_spark_metadata in Apache Spark Structured Streaming issue is no more!

Versions: Apache Spark 3.4.0 https://github.com/bartosz25/spark-playground/tree/master/structured-streaming-spark-metadata

There are probably not that many people working today on the flat files with Structured Streaming than 5 years ago thanks to the table file formats. However, if you are in this group and are still generating CSVs or JSONs with the streaming sink, brace yourself, the memory problems are coming if you don't take action!

Looking for a better data engineering position and skills?

Become a better Data Engineer

You have been working as a data engineer but feel stuck?

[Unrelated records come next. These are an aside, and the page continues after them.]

(* Let $\{x_k\}$ be the random sequence generated by the SKM method. Define $\bar{x}_k = \frac{1}{k}\sum_{l=1}^{k} x_l$. Then for any $0 < \delta < 2$, $$\mathbb{E}[f(\bar{x}_k)] \leq \frac{d(x_0,P)^2}{2\delta k(2-\delta)}.$$
   Context: Linear feasibility problem $Ax \leq b$ with $A \in \mathbb{R}^{m\times n}$, $b \in \mathbb{R}^m$, assumed consistent, with rows $a_i^T$ normalized ($\|a_i\|=1$). $P = \{x : Ax \leq b\}$, $\mathcal{P}(x)$ the Euclidean projection onto $P$, $d(x,P) = \|x-\mathcal{P}(x)\|$. Sampling: at each iteration a set $\tau$ of $\beta$ rows is chosen uniformly at random among all $\binom{m}{\beta}$ subsets and $i^* = \arg\max_{i\in\tau}(a_i^Tx-b_i)^+$; $\mathbb{E}_{\mathbb{S}}$ denotes expectation over this sampling. $f(x) = \mathbb{E}_{\mathbb{S}}\big[\tfrac12|(a_{i^*}^Tx-b_{i^*})^+|^2\big]$. SKM method (Sampling Kaczmarz Motzkin): starting from $x_0$, at each iteration sample $\tau_k$, pick $i^*$ at $x_k$, and set $x_{k+1} = x_k - \delta(a_{i^*}^Tx_k-b_{i^*})^+a_{i^*}$. *)

theory Defs
  imports "HOL-Analysis.Analysis" "HOL-Probability.Probability"
begin

definition pos :: "real \<Rightarrow> real" where "pos t = max t 0"

definition feas_set :: "nat \<Rightarrow> (nat \<Rightarrow> real^'n) \<Rightarrow> (nat \<Rightarrow> real) \<Rightarrow> (real^'n) set" where
  "feas_set m a b = {x. \<forall>i<m. a i \<bullet> x \<le> b i}"

definition samp :: "nat \<Rightarrow> nat \<Rightarrow> nat set pmf" where
  "samp m \<beta> = pmf_of_set {\<tau>. \<tau> \<subseteq> {..<m} \<and> card \<tau> = \<beta>}"

definition is_maxsel :: "(nat \<Rightarrow> real^'n) \<Rightarrow> (nat \<Rightarrow> real) \<Rightarrow> (real^'n \<Rightarrow> nat set \<Rightarrow> nat) \<Rightarrow> nat \<Rightarrow> nat \<Rightarrow> bool" where
  "is_maxsel a b sel m \<beta> \<longleftrightarrow> (\<forall>x \<tau>. \<tau> \<subseteq> {..<m} \<and> card \<tau> = \<beta> \<longrightarrow>
      sel x \<tau> \<in> \<tau> \<and> (\<forall>j\<in>\<tau>. pos (a j \<bullet> x - b j) \<le> pos (a (sel x \<tau>) \<bullet> x - b (sel x \<tau>))))"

You don't have any new challenges and are still writing the same jobs all over again? You have now different options. You can try to look for a new job, now or later, or learn from the others! "Become a Better Data Engineer" initiative is one of these places where you can find online learning resources where the theory meets the practice. They will help you prepare maybe for the next job, or at least, improve your current skillset without looking for something else.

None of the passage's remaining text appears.